According to the band's Web site, "Ceili" (pronounced KAY-lee) is a Gaelic word for "a party with live music and dancing," and "Rain" represents the good things showered down on us from the heavens above. It's an appropriate name, because Erasers On Pencils is a party for your ears and a blessing from above.

Ceili Rain is an undeniably Irish band, but it's not purely Irish. They're like The Beatles with a Celtic influence, with maybe a bit of Grateful Dead thrown in. There are many Celtic bands out there working hard to remain faithful to the sound and traditions of their heritage. But Ceili Rain offers a nice twist—rather than a Celtic band trying to rock, they're a rock band with a Celtic flavor. They capture this blend brilliantly thanks to some classic-pop/rock savvy and smart songwriting. The band's frontman, Bob Halligan Jr., has written a lot of well-known songs for artists such as Eli, Bob Carlisle, Rebecca St. James,, Cher, Judas Priest, and Michael Bolton. His songwriting is instantly catchy with thought-provoking lyrics. He's got to be one of Christian music's best-kept secrets. And the musicianship! Solid all the way around. There are numerous instruments—including drums, accordian, guitars, bass, fiddles, and bagpipes—and instrumentalists, and it's difficult to single out any one because they're all so good.

Bob is a great lead vocalist, often reminding me of John Lennon—especially on the song "Long For You," which makes a simple but effective case for the existence of God. "Junkyard" is a passionate rocker about shunning the temptations and ugly things of this world. It, too, shows a strong Lennon influence. The title track is actually a Latin number (yes, Latin), and it provides a nice illustration about forgiveness. "God Done Good," a song about God's faithful answers to prayers, is a great rocker flavored with Highland pipes, flutes, fiddles and a little bit of Rebecca St. James near the end. For straight-up Irish music, there's "Jigorous" and "Tween the Jigs & the Reels." And you can guess what kind of music is featured in "Life Is a Polka." Clearly, this is a very diverse band that knows how to have fun while remaining thought provoking and spiritual.

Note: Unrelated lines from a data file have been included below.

(* For any $\mathbb{K}$-linear map $Z_R:\mathfrak{h}^0\rightarrow R$, $Z_R$ satisfies the double shuffle relations if and only if $$Z_R^t(w_1\overset{t}{\mathbin{\sqcup\!\sqcup}} w_2)=Z_R^t(w_1)Z_R^t(w_2)=Z_R^t(w_1\overset{t}{\ast} w_2), \quad (\forall w_1,w_2\in\mathfrak{h}^0_t).$$
   Context: Let $\mathbb{K}$ be a field of characteristic zero and $R$ a commutative $\mathbb{K}$-algebra with unit. Let $A=\{x,y\}$ be an alphabet of two noncommutative letters, $A^{\ast}$ the set of words (with empty word $1$), $\mathfrak{h}_t=\mathbb{K}[t]\langle A\rangle$, $\mathfrak{h}_t^1=\mathbb{K}[t]+\mathfrak{h}_ty$, $\mathfrak{h}_t^0=\mathbb{K}[t]+x\mathfrak{h}_ty$, and $\mathfrak{h},\mathfrak{h}^1,\mathfrak{h}^0$ the corresponding objects at $t=0$ (so $\mathfrak{h}_t^0=\mathfrak{h}^0[t]$). Put $z_k=x^{k-1}y$. The $t$-shuffle product $\overset{t}{\mathbin{\sqcup\!\sqcup}}$ on $\mathfrak{h}_t$ is $\mathbb{K}[t]$-bilinear with $1\overset{t}{\mathbin{\sqcup\!\sqcup}} w=w\overset{t}{\mathbin{\sqcup\!\sqcup}} 1=w$ and $aw_1\overset{t}{\mathbin{\sqcup\!\sqcup}} bw_2=a(w_1\overset{t}{\mathbin{\sqcup\!\sqcup}} bw_2)+b(aw_1\overset{t}{\mathbin{\sqcup\!\sqcup}} w_2)-\delta(w_1)\rho(a)bw_2-\delta(w_2)\rho(b)aw_1$ for words $w,w_1,w_2$ and letters $a,b$, where $\delta(w)=1$ if $w=1$ and $0$ otherwise, $\rho(x)=0$, $\rho(y)=tx$. The $t$-harmonic shuffle product $\overset{t}{\ast}$ on $\mathfrak{h}_t^1$ is $\mathbb{K}[t]$-bilinear with $1\overset{t}{\ast} w=w\overset{t}{\ast}1=w$ and $z_kw_1\overset{t}{\ast} z_lw_2=z_k(w_1\overset{t}{\ast} z_lw_2)+z_l(z_kw_1\overset{t}{\ast} w_2)+(1-2t)z_{k+l}(w_1\overset{t}{\ast} w_2)+[1-\delta(w_1)\delta(w_2)](t^2-t)x^{k+l}(w_1\overset{t}{\ast} w_2)$. At $t=0$ these are the usual shuffle product $\mathbin{\sqcup\!\sqcup}$ and harmonic shuffle product $\ast$. Let $\sigma_t$ be the algebra automorphism of $\mathfrak{h}_t$ with $\sigma_t(x)=x$, $\sigma_t(y)=tx+y$, and $S_t$ the $\mathbb{K}[t]$-linear map with $S_t(1)=1$, $S_t(wa)=\sigma_t(w)a$ for $w\in A^\ast$, $a\in A$. For a $\mathbb{K}$-linear map $Z_R:\mathfrak{h}^0\to R$, extended $\mathbb{K}[t]$-linearly to $\mathfrak{h}^0_t\to R[t]$, define $Z_R^t=Z_R\circ S_t$. $Z_R$ is said to satisfy the double shuffle relations if $Z_R(w_1\mathbin{\sqcup\!\sqcup} w_2)=Z_R(w_1)Z_R(w_2)=Z_R(w_1\ast w_2)$ for all $w_1,w_2\in\mathfrak{h}^0$. *)

theory Defs
  imports "HOL-Computational_Algebra.Polynomial" "HOL-Library.Poly_Mapping"
begin
(*
  Contraction Q \<mapsto> Q \<inter> A maps spec B into spec A. Density makes it injective (if b \<in> Q1 - Q2,
  pick a \<notin> Q2 with a b \<in> A; then a b lies in Q1 \<inter> A but not in Q2 \<inter> A) and makes the image of
  a basic open set D(b) the trace of the open set \<Union>{D(a b) | a b \<in> A}. Hence spec B is
  homeomorphic to a subspace of spec A, and complete normality passes to subspaces.

  If a prime P lay below two distinct maximal ideals M1, M2, these would be separated points of
  spec B, so a completely normal spec B would give them disjoint open neighbourhoods; but open
  sets of a spectrum are closed under generalization, so both would contain P.
*)

lemma open_map_topology_generated_by:
  assumes "inj_on f (\<Union>\<S>)" "\<And>U. U \<in> \<S> \<Longrightarrow> openin Y (f ` U)"
  shows "open_map (topology_generated_by \<S>) Y f"
  unfolding open_map_def
proof (intro allI impI)
  fix U assume "openin (topology_generated_by \<S>) U"
  then have "generate_topology_on \<S> U"
    by (rule openin_topology_generated_by)
  then show "openin Y (f ` U)"
  proof (induction rule: generate_topology_on.induct)
    case (Int a b)
    then have "a \<subseteq> \<Union>\<S>" "b \<subseteq> \<Union>\<S>"
      by (metis openin_subset openin_topology_generated_by_iff topology_generated_by_topspace)+
    then have "f ` (a \<inter> b) = f ` a \<inter> f ` b"
      using assms(1) by (simp add: inj_on_image_Int)
    then show ?case
      using Int.IH by (simp add: openin_Int)
  qed (auto simp: image_Union assms(2) intro!: openin_Union)
qed
lemma ds2_eq_inner:
  "ds2 (u, v) w =
     ((1 - v \<bullet> v) * (fst w \<bullet> fst w) - (1 + u \<bullet> u) * (snd w \<bullet> snd w)
      + 2 * (omult (omult u (oconj v)) (snd w) \<bullet> fst w)) / (1 + u \<bullet> u - v \<bullet> v)^2"
proof -
  have "oRe (omult (omult u (oconj v)) (omult (snd w) (oconj (fst w))))
      = omult (omult u (oconj v)) (snd w) \<bullet> fst w"
    by (metis oRe_omult_assoc oRe_omult_oconj)
  then show ?thesis by (simp add: ds2_def onorm2_eq_inner split_beta algebra_simps)
qed

lemma ds2_eq_ds2_polar: "ds2 (u, v) w = ds2_polar u v w w"
  by (simp add: ds2_eq_inner ds2_polar_def inner_commute)

lemma metric_form_eq_ds2_polar: "metric_form (u, v) = ds2_polar u v"
proof (intro ext)
  fix x y
  show "metric_form (u, v) x y = ds2_polar u v x y"
    by (simp add: metric_form_def ds2_eq_inner ds2_polar_def inner_add_left inner_add_right
        inner_diff_left inner_diff_right omult.add_right omult.diff_right divide_simps inner_commute,
        simp add: algebra_simps)
qed

lemma ds2_polar_commute: "ds2_polar u v x y = ds2_polar u v y x"
  by (simp add: ds2_polar_def inner_commute algebra_simps)

lemma bilinear_ds2_polar: "bilinear (ds2_polar u v)"
  unfolding bilinear_def
  by (intro allI conjI linearI)
     (simp_all add: ds2_polar_def inner_add_left inner_add_right omult.add_right omult.scaleR_right
        divide_simps algebra_simps)
(* Let $\boldsymbol k$ be an algebraically closed field with $\operatorname{char}\boldsymbol k\neq 2$, let $V$ be a vector space over $\boldsymbol k$ of finite dimension $n$, and let $\mathcal M:=V^*\otimes V^*\otimes V$. Then there is a nonempty (dense) open subset $U\subseteq\mathcal M$ such that for every $m\in U$ the $\boldsymbol k$-algebra $\{V,m\}$ is simple and has trivial automorphism group.
   Context: For $m=\sum\ell\otimes\ell'\otimes v\in\mathcal M$, the $\boldsymbol k$-algebra $\{V,m\}$ is the (not necessarily associative) algebra structure on $V$ with product $ab:=\sum\ell(a)\ell'(b)v$. Simple means having no two-sided ideals other than $0$ and $V$. The automorphism group of $\{V,m\}$ is the stabilizer of $m$ in $\mathrm{GL}(V)$ acting naturally on $\mathcal M$. *)

theory Defs
  imports "HOL-Computational_Algebra.Polynomial"
begin

text \<open>V = k^n is modelled as functions 'n \<Rightarrow> 'k on a finite index type 'n (a basis of V).
An element m of V* \<otimes> V* \<otimes> V is given by its structure constants m i j l
(coefficient of e_l in e_i e_j).\<close>

definition alg_closed :: "'k::field itself \<Rightarrow> bool" where
  "alg_closed _ \<longleftrightarrow> (\<forall>p::'k poly. degree p > 0 \<longrightarrow> (\<exists>x. poly p x = 0))"

definition amul :: "('n::finite \<Rightarrow> 'n \<Rightarrow> 'n \<Rightarrow> 'k::field) \<Rightarrow> ('n \<Rightarrow> 'k) \<Rightarrow> ('n \<Rightarrow> 'k) \<Rightarrow> ('n \<Rightarrow> 'k)" where
  "amul m a b = (\<lambda>l. \<Sum>i\<in>UNIV. \<Sum>j\<in>UNIV. a i * b j * m i j l)"

definition is_subspace :: "('n \<Rightarrow> 'k::field) set \<Rightarrow> bool" where
  "is_subspace I \<longleftrightarrow> (\<lambda>_. 0) \<in> I \<and> (\<forall>x\<in>I. \<forall>y\<in>I. (\<lambda>i. x i + y i) \<in> I)
      \<and> (\<forall>c. \<forall>x\<in>I. (\<lambda>i. c * x i) \<in> I)"

definition two_sided_ideal :: "('n::finite \<Rightarrow> 'n \<Rightarrow> 'n \<Rightarrow> 'k::field) \<Rightarrow> ('n \<Rightarrow> 'k) set \<Rightarrow> bool" where
  "two_sided_ideal m I \<longleftrightarrow> is_subspace I \<and> (\<forall>a. \<forall>x\<in>I. amul m a x \<in> I \<and> amul m x a \<in> I)"

definition simple_alg :: "('n::finite \<Rightarrow> 'n \<Rightarrow> 'n \<Rightarrow> 'k::field) \<Rightarrow> bool" where
  "simple_alg m \<longleftrightarrow> (\<forall>I. two_sided_ideal m I \<longrightarrow> I = {\<lambda>_. 0} \<or> I = UNIV)"

definition is_linear :: "(('n \<Rightarrow> 'k::field) \<Rightarrow> ('n \<Rightarrow> 'k)) \<Rightarrow> bool" where
  "is_linear g \<longleftrightarrow> (\<forall>x y. g (\<lambda>i. x i + y i) = (\<lambda>i. g x i + g y i))
      \<and> (\<forall>c x. g (\<lambda>i. c * x i) = (\<lambda>i. c * g x i))"

definition automorphisms :: "('n::finite \<Rightarrow> 'n \<Rightarrow> 'n \<Rightarrow> 'k::field) \<Rightarrow> (('n \<Rightarrow> 'k) \<Rightarrow> ('n \<Rightarrow> 'k)) set" where
  "automorphisms m = {g. is_linear g \<and> bij g \<and> (\<forall>a b. g (amul m a b) = amul m (g a) (g b))}"

inductive_set poly_fun :: "(('i \<Rightarrow> 'k::comm_ring_1) \<Rightarrow> 'k) set" where
  const: "(\<lambda>_. c) \<in> poly_fun"
| coord: "(\<lambda>x. x i) \<in> poly_fun"
| add: "f \<in> poly_fun \<Longrightarrow> g \<in> poly_fun \<Longrightarrow> (\<lambda>x. f x + g x) \<in> poly_fun"
| mult: "f \<in> poly_fun \<Longrightarrow> g \<in> poly_fun \<Longrightarrow> (\<lambda>x. f x * g x) \<in> poly_fun"

definition zariski_open :: "(('i \<Rightarrow> 'k::comm_ring_1)) set \<Rightarrow> bool" where
  "zariski_open U \<longleftrightarrow> (\<exists>F \<subseteq> poly_fun. U = {x. \<exists>f\<in>F. f x \<noteq> 0})"

end

theory Submission
  imports Defs "HOL-Analysis.Determinants"
begin

text \<open>Both properties follow from the nonvanishing of polynomials in the structure constants, so \<open>U\<close>
  can be taken to be the nonvanishing locus of their product. It is nonempty because each factor
  is nonzero at an explicit algebra and affine space over an infinite field is irreducible.

  Simplicity: if the \<open>n\<^sup>2\<close> operators \<open>x \<mapsto> e\<^sub>a (x e\<^sub>b)\<close> span \<open>End V\<close>, which is the nonvanishing of
  one determinant, then any nonzero ideal is \<open>V\<close>.

  Rigidity: automorphisms preserve the trace form \<open>x \<mapsto> tr L\<^sub>x\<close>, hence fix the trace unit \<open>u\<close>
  characterised by \<open>tr L\<^bsub>u y\<^esub> = tr L\<^sub>y\<close> for all \<open>y\<close> (unique when a second determinant is nonzero),
  hence fix all \<open>L\<^sub>u\<^sup>k u\<close>; when these span \<open>V\<close> (a third determinant), the automorphism is the
  identity.\<close>

lemma poly_fun_sum:
  assumes "finite S" "\<And>s. s \<in> S \<Longrightarrow> f s \<in> poly_fun"
  shows "(\<lambda>x. \<Sum>s\<in>S. f s x) \<in> poly_fun"
  using assms by (induction S rule: finite_induct) (auto intro: poly_fun.intros)

lemma poly_fun_prod:
  assumes "finite S" "\<And>s. s \<in> S \<Longrightarrow> f s \<in> poly_fun"
  shows "(\<lambda>x. \<Prod>s\<in>S. f s x) \<in> poly_fun"
  using assms by (induction S rule: finite_induct) (auto intro: poly_fun.intros)

lemma poly_fun_det:
  fixes A :: "('i \<Rightarrow> 'k::comm_ring_1) \<Rightarrow> 'k^'n::finite^'n"
  assumes "\<And>i j. (\<lambda>x. A x $ i $ j) \<in> poly_fun"
  shows "(\<lambda>x. det (A x)) \<in> poly_fun"
  unfolding det_def
  by (auto intro!: poly_fun_sum poly_fun_prod poly_fun.mult poly_fun.const assms
      simp: finite_permutations)

lemma poly_fun_on_line:
  fixes f :: "('i \<Rightarrow> 'k::comm_ring_1) \<Rightarrow> 'k"
  assumes "f \<in> poly_fun"
  shows "\<exists>P. \<forall>s. f (\<lambda>i. p i + s * (q i - p i)) = poly P s"
  using assms
proof (induction f rule: poly_fun.induct)
  case (const c)
  show ?case by (rule exI[of _ "[:c:]"]) simp
next
  case (coord i)
  show ?case by (rule exI[of _ "[:p i, q i - p i:]"]) (simp add: algebra_simps)
next
  case (add f g)
  then obtain P Q where "\<forall>s. f (\<lambda>i. p i + s * (q i - p i)) = poly P s"
      "\<forall>s. g (\<lambda>i. p i + s * (q i - p i)) = poly Q s" by blast
  then show ?case by (intro exI[of _ "P + Q"]) simp
next
  case (mult f g)
  then obtain P Q where "\<forall>s. f (\<lambda>i. p i + s * (q i - p i)) = poly P s"
      "\<forall>s. g (\<lambda>i. p i + s * (q i - p i)) = poly Q s" by blast
  then show ?case by (intro exI[of _ "P * Q"]) simp
qed

text \<open>Restricted to the line through \<open>p\<close> and \<open>q\<close>, the product becomes a nonzero univariate polynomial,
  which has only finitely many roots.\<close>

lemma poly_fun_mult_nonzero:
  fixes f g :: "('i \<Rightarrow> 'k::field) \<Rightarrow> 'k"
  assumes "infinite (UNIV :: 'k set)" "f \<in> poly_fun" "g \<in> poly_fun" "f p \<noteq> 0" "g q \<noteq> 0"
  shows "\<exists>x. f x * g x \<noteq> 0"
proof -
  obtain P where P: "\<And>s. f (\<lambda>i. p i + s * (q i - p i)) = poly P s"
    using poly_fun_on_line[OF assms(2)] by blast
  obtain Q where Q: "\<And>s. g (\<lambda>i. p i + s * (q i - p i)) = poly Q s"
    using poly_fun_on_line[OF assms(3)] by blast
  have "poly P 0 \<noteq> 0" "poly Q 1 \<noteq> 0"
    using P[of 0] Q[of 1] assms(4,5) by simp_all
  then have "P * Q \<noteq> 0" by auto
  then have "finite {s. poly (P * Q) s = 0}" by (rule poly_roots_finite)
  with assms(1) obtain s where "poly (P * Q) s \<noteq> 0"
    using finite_subset[of UNIV "{s. poly (P * Q) s = 0}"] by blast
  then show ?thesis by (auto simp: P[symmetric] Q[symmetric])
qed

lemma alg_closed_infinite:
  assumes "alg_closed TYPE('k::field)"
  shows "infinite (UNIV :: 'k set)"
proof
  assume fin: "finite (UNIV :: 'k set)"
  define Q :: "'k poly" where "Q = (\<Prod>a\<in>UNIV. [:- a, 1:]) + 1"
  have "degree (\<Prod>a\<in>UNIV. [:- a, 1:] :: 'k poly) = card (UNIV :: 'k set)"
    by (subst degree_prod_eq_sum_degree) simp_all
  then have "degree Q > 0"
    using fin by (simp add: Q_def degree_add_eq_left finite_UNIV_card_ge_0)
  then obtain x where "poly Q x = 0"
    using assms unfolding alg_closed_def by blast
  moreover have "poly (\<Prod>a\<in>UNIV. [:- a, 1:]) x = 0"
    using fin by (simp add: poly_prod prod_zero_iff)
  ultimately show False by (simp add: Q_def)
qed

lemma det_one_plus_square_zero:
  fixes E :: "'k::field^'n^'n"
  assumes "E ** E = 0"
  shows "det (mat 1 + E) \<noteq> 0"
proof -
  have "A ** (B - C) = A ** B - A ** C" "(A + B) ** C = A ** C + B ** C" for A B C :: "'k^'n^'n"
    by (simp_all add: matrix_matrix_mult_def vec_eq_iff algebra_simps sum.distrib sum_subtractf)
  with assms have "(mat 1 + E) ** (mat 1 - E) = mat 1"
    by simp
  then show ?thesis
    using invertible_det_nz invertible_right_inverse by blast
qed

definition basis_vec :: "'n \<Rightarrow> 'n \<Rightarrow> 'k::zero_neq_one" where
  "basis_vec a = (\<lambda>i. of_bool (i = a))"

lemma sum_basis_vec_mult [simp]:
  "(\<Sum>i\<in>UNIV. basis_vec a i * F i) = (F (a::'n::finite) :: 'k::semiring_1)"
  by (simp add: basis_vec_def)

lemma amul_basis_vec_left: "amul m (basis_vec a) y = (\<lambda>l. \<Sum>j\<in>UNIV. y j * m a j l)"
proof
  fix l
  have "amul m (basis_vec a) y l = (\<Sum>i\<in>UNIV. basis_vec a i * (\<Sum>j\<in>UNIV. y j * m i j l))"
    unfolding amul_def by (simp add: sum_distrib_left mult.assoc)
  then show "amul m (basis_vec a) y l = (\<Sum>j\<in>UNIV. y j * m a j l)" by simp
qed

lemma amul_basis_vec_right: "amul m x (basis_vec b) = (\<lambda>l. \<Sum>i\<in>UNIV. x i * m i b l)"
proof
  fix l
  have "amul m x (basis_vec b) l = (\<Sum>i\<in>UNIV. x i * (\<Sum>j\<in>UNIV. basis_vec b j * m i j l))"
    unfolding amul_def by (simp add: sum_distrib_left mult_ac del: sum_basis_vec_mult)
  then show "amul m x (basis_vec b) l = (\<Sum>i\<in>UNIV. x i * m i b l)" by simp
qed

lemma amul_basis_vec: "amul m (basis_vec a) (basis_vec b) = m a b"
  by (simp add: amul_basis_vec_right)

lemma basis_vec_expansion: "(\<lambda>i. \<Sum>j\<in>UNIV. x j * basis_vec j i) = (x :: 'n::finite \<Rightarrow> 'k::semiring_1)"
  by (simp add: basis_vec_def)

lemma amul_scale: "amul m (\<lambda>i. a * x i) (\<lambda>i. b * y i) = (\<lambda>l. a * b * amul m x y l)"
  unfolding amul_def by (simp add: sum_distrib_left mult_ac)

lemma funpow_amul_scale:
  "(amul m (\<lambda>i. d * u i) ^^ k) (\<lambda>i. d * u i) = (\<lambda>i. d ^ Suc k * (amul m u ^^ k) u i)"
proof (induction k)
  case 0
  show ?case by simp
next
  case (Suc k)
  then show ?case by (simp add: amul_scale)
qed

lemma is_linear_add: "is_linear F \<Longrightarrow> F (\<lambda>i. x i + y i) = (\<lambda>i. F x i + F y i)"
  unfolding is_linear_def by blast

lemma is_linear_scale: "is_linear F \<Longrightarrow> F (\<lambda>i. c * x i) = (\<lambda>i. c * F x i)"
  unfolding is_linear_def by blast

lemma is_linear_sum:
  assumes "is_linear F" "finite S"
  shows "F (\<lambda>i. \<Sum>j\<in>S. c j * X j i) = (\<lambda>i. \<Sum>j\<in>S. c j * F (X j) i)"
  using assms(2)
proof (induction S rule: finite_induct)
  case empty
  show ?case using is_linear_scale[OF assms(1), of 0 "\<lambda>_. 0"] by simp
next
  case (insert a S)
  then show ?case
    using is_linear_add[OF assms(1), of "\<lambda>i. c a * X a i"] is_linear_scale[OF assms(1)] by simp
qed

lemma is_linear_expansion:
  fixes F :: "('n::finite \<Rightarrow> 'k::field) \<Rightarrow> 'n \<Rightarrow> 'k"
  assumes "is_linear F"
  shows "F x i = (\<Sum>j\<in>UNIV. x j * F (basis_vec j) i)"
  using is_linear_sum[OF assms, of UNIV x basis_vec] by (simp add: basis_vec_expansion)

lemma is_linear_comp: "is_linear F \<Longrightarrow> is_linear G \<Longrightarrow> is_linear (F \<circ> G)"
  unfolding is_linear_def by simp

lemma is_linear_inv:
  assumes "is_linear g" "bij g"
  shows "is_linear (inv g)"
  unfolding is_linear_def
proof (intro conjI allI)
  fix x y c
  have "g (\<lambda>i. inv g x i + inv g y i) = (\<lambda>i. x i + y i)"
       "g (\<lambda>i. c * inv g x i) = (\<lambda>i. c * x i)"
    using is_linear_add[OF assms(1)] is_linear_scale[OF assms(1)] assms(2)
    by (simp_all add: bij_is_surj surj_f_inv_f)
  then show "inv g (\<lambda>i. x i + y i) = (\<lambda>i. inv g x i + inv g y i)"
       "inv g (\<lambda>i. c * x i) = (\<lambda>i. c * inv g x i)"
    using bij_is_inj[OF assms(2)] by (simp_all add: inv_f_eq)
qed

lemma is_linear_amul: "is_linear (amul m x)"
  unfolding is_linear_def amul_def
  by (simp add: algebra_simps sum.distrib sum_distrib_left)

definition lin_trace :: "(('n::finite \<Rightarrow> 'k::comm_ring_1) \<Rightarrow> 'n \<Rightarrow> 'k) \<Rightarrow> 'k" where
  "lin_trace F = (\<Sum>i\<in>UNIV. F (basis_vec i) i)"

lemma lin_trace_comp_commute:
  fixes F G :: "('n::finite \<Rightarrow> 'k::field) \<Rightarrow> 'n \<Rightarrow> 'k"
  assumes "is_linear F" "is_linear G"
  shows "lin_trace (F \<circ> G) = lin_trace (G \<circ> F)"
proof -
  have "lin_trace (F \<circ> G) = (\<Sum>i\<in>UNIV. \<Sum>j\<in>UNIV. G (basis_vec i) j * F (basis_vec j) i)"
    unfolding lin_trace_def o_def by (subst is_linear_expansion[OF assms(1)]) simp
  also have "\<dots> = (\<Sum>j\<in>UNIV. \<Sum>i\<in>UNIV. F (basis_vec j) i * G (basis_vec i) j)"
    by (subst sum.swap) (simp add: mult.commute)
  also have "\<dots> = lin_trace (G \<circ> F)"
    unfolding lin_trace_def o_def by (subst is_linear_expansion[OF assms(2)]) simp
  finally show ?thesis .
qed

We need more Christian artists like this, creating refreshing and original Christian music without resorting cliched lyrics or the latest musical trends. Not all the songs are "distinctly Christian," but that's part of the charm. It is, after all, possible to tell a story and express a Christian truth without even mentioning Jesus or God directly. Some might call such stories parables. If I'd received this album before the end of last year, I would have included it on my year-end Best Of list. I love this album and hope you'll seek it out.